Psychologie habe in dieser Arbeit keine Rolle gespielt, stattdessen sucht Linning mit ihren Tänzerinnen und Tänzern nach Formen, mit denen sich soziale Prozesse körperlich darstellen lassen. „Mit einer Spirale, mit Barrikaden. Mit einem Schatten, der einen spüren lässt, dass man Teil einer größeren Bewegung ist. So bekommt es einen politischen Kontext.“

Revolten als Schneeballeffekt

So konstant sich Gesellschaften seit 1919 mit demokratiefeindlichen Entwicklungen auseinandersetzen müssen, so radikal haben sich die äußeren Lebensbedingungen gewandelt. Im digitalen Zeitalter wird der Mensch immer mehr zu einem körperlosen Avatar, zum Geist, der durch die Maschine spricht. „In unserer digitalen Kultur ist es in der Zukunft das Allerwichtigste, den Körper zu verstehen.
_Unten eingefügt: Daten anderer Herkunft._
section \<open>The separation estimate\<close>

text \<open>The tails after the common prefix land in two distinct discs, hence are disc_gap apart;
  the common prefix of length rr shrinks this distance by at most distortion^rr.\<close>
lemma word_separation:
  assumes j: "j \<in> {1..2*p}" and z: "z \<in> disc cen rad j"
    and al: "al \<in> words_j p n j" and be: "be \<in> words_j p n j" and ne: "al \<noteq> be"
  shows "disc_gap \<le> distortion ^ rr al be *
           cmod (the (word_act p g al (Some z)) - the (word_act p g be (Some z)))"
proof -
  define r where "r = rr al be"
  have a: "reduced p al" "length al = n" and b: "reduced p be" "length be = n"
    using al be by (auto simp: words_j_def words_reduced)
  have rp: "r < n" "take r al = take r be" "al ! r \<noteq> be ! r"
    using rr_first_difference[OF a(2) b(2) ne] by (auto simp: r_def)
  define w where "w = take r al"
  have z': "z \<in> closure (disc cen rad j)" using z closure_subset by blast
  obtain u where u: "word_act p g (drop r al) (Some z) = Some u"
    "u \<in> closure (disc cen rad (opp p (al ! r)))"
    using word_maps_into_disc words_j_tail[OF al j rp(1)] z' by metis
  obtain v where v: "word_act p g (drop r be) (Some z) = Some v"
    "v \<in> closure (disc cen rad (opp p (be ! r)))"
    using word_maps_into_disc words_j_tail[OF be j rp(1)] z' by metis
  have adm: "admissible p w (opp p (al ! r))" "admissible p w (opp p (be ! r))"
    using prefix_admissible a b rp unfolding w_def by (metis)+
  have act_al: "word_act p g al (Some z) = word_act p g w (Some u)"
    using u(1) word_act_append[of p g w "drop r al"] by (simp add: w_def)
  have act_be: "word_act p g be (Some z) = word_act p g w (Some v)"
    using v(1) word_act_append[of p g w "drop r be"] rp(2) by (simp add: w_def)
  have "opp p (al ! r) \<noteq> opp p (be ! r)"
    using rp a b opp_opp unfolding reduced_def by metis
  hence "disc_gap \<le> cmod (u - v)"
    using disc_gap_le adm u(2) v(2) by (auto simp: admissible_def)
  also have "\<dots> \<le> distortion ^ r *
      cmod (the (word_act p g w (Some u)) - the (word_act p g w (Some v)))"
    using word_distortion[OF adm u(2) v(2)] rp a b by (simp add: w_def)
  finally show ?thesis unfolding act_al act_be r_def .
qed

end

theorem lemma4p4:
  fixes p :: nat and g :: "nat \<Rightarrow> imat" and cen rad :: "nat \<Rightarrow> real"
  assumes "schottky_setup p g cen rad"
  shows "\<exists>C::real. \<exists>\<theta>::real. C > 0 \<and> 0 < \<theta> \<and> \<theta> < 1 \<and>
    (\<forall>n\<ge>1. \<forall>j\<in>{1..2*p}. \<forall>z\<in>disc cen rad j.
       \<forall>al\<in>words_j p n j. \<forall>be\<in>words_j p n j. al \<noteq> be \<longrightarrow>
         cmod (the (word_act p g al (Some z)) - the (word_act p g be (Some z)))
           \<ge> C * \<theta> ^ rr al be)"
proof (intro exI conjI allI impI ballI)
  let ?B = "distortion p g cen rad"
  have B: "?B > 1" by (rule distortion_gt_1[OF assms])
  show "disc_gap p cen rad > 0" by (rule disc_gap_pos[OF assms])
  show "0 < 1 / ?B" "1 / ?B < 1" using B by auto
  fix n j z al be
  assume "j \<in> {1..2*p}" "z \<in> disc cen rad j" "al \<in> words_j p n j" "be \<in> words_j p n j" "al \<noteq> be"
  hence "disc_gap p cen rad \<le> ?B ^ rr al be *
           cmod (the (word_act p g al (Some z)) - the (word_act p g be (Some z)))"
    by (rule word_separation[OF assms])
  thus "disc_gap p cen rad * (1 / ?B) ^ rr al be
          \<le> cmod (the (word_act p g al (Some z)) - the (word_act p g be (Some z)))"
    using B by (simp add: power_one_over divide_le_eq mult.commute)
qed

end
In unserer Gegenwart, in der sich zum Beispiel Frauen im Nahen Osten verhüllen müssen, ist es ein politisches Statement, wenn ich einen Mann oder eine Frau in voller Kraft und in aller Schwäche auf die Bühne bringe“, findet Linning.
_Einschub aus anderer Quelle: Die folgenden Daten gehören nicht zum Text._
lemma deletion_step_bounds:
  assumes "\<delta> \<le> 1" "even d" and d: "100 \<le> d" "2 * lg d ^ 5 \<le> exp (lg d / lg (lg d))" "6 * lg d \<le> sqrt d"
    and n: "1 \<le> n" "real n \<le> real d * exp (- lg d / lg (lg d))" and h: "h < Hpar \<delta> d n"
  defines "m \<equiv> nat \<lceil>sh \<delta> d n (Suc h)\<rceil>" and "N0 \<equiv> d div 2 - sle_nat \<delta> d n h"
  shows "m < N0" "2 * real n \<le> real N0 - real m"
    "2 * real m * (real n / (real N0 - real m)) \<le> ln 2 * (sh \<delta> d n h / (2 * lg d))"
proof -
  define L r S where "L = lg d" and "r = Delta d n / lg d ^ 5" and "S = sh \<delta> d n h"
  have L: "4 \<le> L"
  proof -
    have "(2::real) powr 4 \<le> real d" using d(1) by simp
    then show ?thesis unfolding L_def lg_def using d(1) by (subst le_log_iff) auto
  qed
  have r: "2 \<le> r" unfolding r_def using d(1,2) n by (intro Delta_over_lg_pow_ge) auto
  have c: "sqrt d \<le> spar \<delta> d / lg d ^ 2"
    using assms(1) d(1) by (intro sqrt_le_spar_over_lg_sq) auto
  have "1 \<le> sqrt (real d)" using d(1) by simp
  with c have c1: "1 \<le> spar \<delta> d / lg d ^ 2" by linarith
  have "sqrt d * 1 \<le> spar \<delta> d / lg d ^ 2 * r ^ h"
    using c c1 r by (intro mult_mono) auto
  then have "6 * L \<le> S" using d(3) h unfolding S_def sh_def r_def L_def by simp
  have rn: "r * real n = real d / L ^ 5"
    using n(1) unfolding r_def L_def Delta_def by (simp add: field_simps)
  have "2 * real n \<le> real d / L ^ 5"
    using mult_right_mono[OF r, of "real n"] unfolding rn by simp
  also have "\<dots> \<le> real d / 100"
  proof (rule divide_left_mono)
    show "100 \<le> L ^ 5" using power_mono[OF L, of 5] by simp
  qed (use L in simp_all)
  finally have n_small: "2 * real n \<le> real d / 100" .
  have m_le: "real m \<le> sh \<delta> d n (Suc h) + 1"
    unfolding m_def by (rule real_nat_ceiling_le[OF sh_nonneg])
  have "sh \<delta> d n (Suc h) \<le> S * r"
    using sh_Suc_le[OF r[unfolded r_def] c1 h] unfolding S_def r_def by (simp only: mult.commute)
  then have m: "real m \<le> S * r + 1" "real m \<le> real d / 10 + 1"
    using m_le sh_le_tenth[of \<delta> d n "Suc h"] by linarith+
  have sle: "real (sle_nat \<delta> d n h) \<le> 3 * S"
    using sle_nat_le[OF _ c1 h] r unfolding r_def S_def by simp
  have half: "real (d div 2) = real d / 2" using \<open>even d\<close> by (auto elim: evenE)
  have "real (sle_nat \<delta> d n h) \<le> real (d div 2)"
    using sle sh_le_tenth[of \<delta> d n h] half unfolding S_def by linarith
  then have "real N0 = real d / 2 - real (sle_nat \<delta> d n h)"
    unfolding N0_def half[symmetric] by (simp add: of_nat_diff)
  then have gap: "real d / 20 \<le> real N0 - real m"
    using m(2) sle d(1) sh_le_tenth[of \<delta> d n h] unfolding S_def by linarith
  then show "m < N0" using d(1) by simp
  show "2 * real n \<le> real N0 - real m" using gap n_small by linarith
  show "2 * real m * (real n / (real N0 - real m)) \<le> ln 2 * (sh \<delta> d n h / (2 * lg d))"
    using deletion_exponent_le[OF m(1) rn gap] n n_small L \<open>6 * L \<le> S\<close>
    unfolding S_def L_def by simp
qed

lemma exists_deletion_step:
  assumes "\<delta> \<le> 1" "even d" "100 \<le> d" "2 * lg d ^ 5 \<le> exp (lg d / lg (lg d))" "6 * lg d \<le> sqrt d"
    and "1 \<le> n" "real n \<le> real d * exp (- lg d / lg (lg d))" "h < Hpar \<delta> d n"
    and fI: "finite I" and cI: "card I = d div 2 - sle_nat \<delta> d n h"
    and fN: "finite N" and NO: "N \<subseteq> Oset d n t out Vs M (A ` I)"
    and large: "2 powr (sh \<delta> d n h / lg d) \<le> real (card N)"
  shows "\<exists>R. R \<subseteq> I \<and> card R = nat \<lceil>sh \<delta> d n (Suc h)\<rceil> \<and>
    2 powr (sh \<delta> d n h / (2 * lg d)) \<le> real (card (Oset d n t out Vs M (A ` (I - R)) \<inter> N))"
proof -
  define m S L where "m = nat \<lceil>sh \<delta> d n (Suc h)\<rceil>" and "S = sh \<delta> d n h" and "L = lg d"
  note bounds = deletion_step_bounds[OF assms(1-8), folded cI, folded m_def S_def L_def]
  obtain R where R: "R \<subseteq> I" "card R = m" and surv:
    "real (card N) * exp (- 2 * real m * (real n / (real (card I) - real m)))
      \<le> real (card (Oset d n t out Vs M (A ` (I - R)) \<inter> N))"
    using exists_deletion_keeping_Oset[OF fI fN NO bounds(1,2)] by blast
  have "2 powr (S / (2 * L)) = 2 powr (S / L) * exp (- (ln 2 * (S / (2 * L))))"
    by (simp add: powr_def exp_add[symmetric] exp_minus field_simps)
  also have "\<dots> \<le> real (card N) * exp (- 2 * real m * (real n / (real (card I) - real m)))"
    using large bounds(3) unfolding S_def L_def by (intro mult_mono) auto
  finally show ?thesis using R surv unfolding m_def S_def L_def by auto
qed

lemma eventually_large_dimension:
  "eventually (\<lambda>d. 100 \<le> d \<and> 2 * lg d ^ 5 \<le> exp (lg d / lg (lg d)) \<and> 6 * lg d \<le> sqrt d)
     sequentially"
proof -
  have "eventually (\<lambda>x::real. 100 \<le> x \<and> 2 * log 2 x ^ 5 \<le> exp (log 2 x / log 2 (log 2 x)) \<and>
      6 * log 2 x \<le> sqrt x) at_top"
    by (intro eventually_conj; real_asymp)
  from filterlim_iff[THEN iffD1, OF filterlim_real_sequentially, rule_format, OF this]
  show ?thesis unfolding lg_def by simp
qed

theorem lemma5p6:
  fixes \<delta> :: real and k :: "nat \<Rightarrow> nat"
  assumes "0 < \<delta>" and "\<delta> < 1"
    and "eventually (\<lambda>d. k d > 0) sequentially"
    and "((\<lambda>d. ln (real (k d)) / ln (real d)) \<longlongrightarrow> 1 - \<delta>) sequentially"
  shows "\<exists>D. \<forall>d\<ge>D. even d \<longrightarrow>
    (\<forall>n msg out Vs A h I N.
       1 \<le> n \<and> real n \<le> real d * exp (- lg d / lg (lg d)) \<and>
       protocol d (k d) n msg out \<and>
       Vs \<subseteq> scaled_signvecs d \<and>
       A \<in> sign_mats d \<and>
       h < Hpar \<delta> d n \<and>
       I \<subseteq> {..<d div 2} \<and> card I = d div 2 - sle_nat \<delta> d n h \<and>
       largest_net d (Oset d n (xi' d) out Vs (msg A) (A ` I)) (alpha d h) N \<and>
       real (card N) \<ge> 2 powr (sh \<delta> d n h / lg d)
     \<longrightarrow> (\<exists>R. R \<subseteq> I \<and> card R = nat \<lceil>sh \<delta> d n (Suc h)\<rceil> \<and>
            real (card (Oset d n (xi' d) out Vs (msg A) (A ` (I - R)) \<inter> N))
              \<ge> 2 powr (sh \<delta> d n h / (2 * lg d))))"
proof -
  from eventually_large_dimension[unfolded eventually_sequentially] obtain D :: nat where D: "\<forall>d\<ge>D.
      100 \<le> d \<and> 2 * lg d ^ 5 \<le> exp (lg d / lg (lg d)) \<and> 6 * lg d \<le> sqrt d" ..
  show ?thesis
  proof (rule exI[of _ D], intro allI impI, elim conjE)
    fix d n msg out Vs A h I N
    assume "D \<le> d" and ev: "even d" and n: "1 \<le> n" "real n \<le> real d * exp (- lg d / lg (lg d))"
      and h: "h < Hpar \<delta> d n" and I: "I \<subseteq> {..<d div 2}" "card I = d div 2 - sle_nat \<delta> d n h"
      and net: "largest_net d (Oset d n (xi' d) out Vs (msg A) (A ` I)) (alpha d h) N"
      and large: "2 powr (sh \<delta> d n h / lg d) \<le> real (card N)"
    from D \<open>D \<le> d\<close> have d: "100 \<le> d" "2 * lg d ^ 5 \<le> exp (lg d / lg (lg d))" "6 * lg d \<le> sqrt d"
      by auto
    have "finite I" using I(1) finite_subset by blast
    moreover have "finite N" "N \<subseteq> Oset d n (xi' d) out Vs (msg A) (A ` I)"
      using net unfolding largest_net_def separated_def by auto
    ultimately show "\<exists>R. R \<subseteq> I \<and> card R = nat \<lceil>sh \<delta> d n (Suc h)\<rceil> \<and>
        2 powr (sh \<delta> d n h / (2 * lg d)) \<le> real (card (Oset d n (xi' d) out Vs (msg A) (A ` (I - R)) \<inter> N))"
      using \<open>\<delta> < 1\<close> by (intro exists_deletion_step[OF _ ev d n h _ I(2) _ _ large]) auto
  qed
qed

end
Revolten vollziehen sich in verschiedenen Phasen, sie funktionieren wie ein Schneeballeffekt. Die Masse bietet dem Menschen in der Revolte aber auch die Möglichkeit, anonym zu bleiben. „Deshalb habe ich auch Masken im Stück. Wenn man unsichtbar ist, kann man viel härter kämpfen. Auf der anderen Seite bieten Masken auch Schutz. Das sagt viel über unsere Zerbrechlichkeit. Wenn wir denken, dass wir eine Maske tragen müssen, haben wir Angst, uns zu zeigen.“

Linning beschreibt auch die Phase nach dem Kampf, in der das Aufbegehren Einzelner als selbstverständlicher Gedanke gesellschaftlich integriert wird. „In meinem Umfeld ist es Realität, dass eine Frau unter zehn Männern Choreograf ist. Ich wünsche mir, dass wir den weiblichen Blick auf Tanz, auf klassisches Ballett, auf Leadership mehr zulassen. Ich sehe keinen Grund, warum es nicht in zehn Jahren ein gleiches Verhältnis von Männern und Frauen in dem Beruf geben sollte. Mein größter Wunsch wäre, dass das Geschlecht irgendwann keine Rolle mehr spielt, sondern nur ob ich ein guter Künstler bin. Um an diesen Punkt zu kommen, brauchen wir einen Aufbruch“, sagt sie noch, bevor sie zurück zu ihrem Ensemble eilt. Die nächste Probe zur Revolte steht an.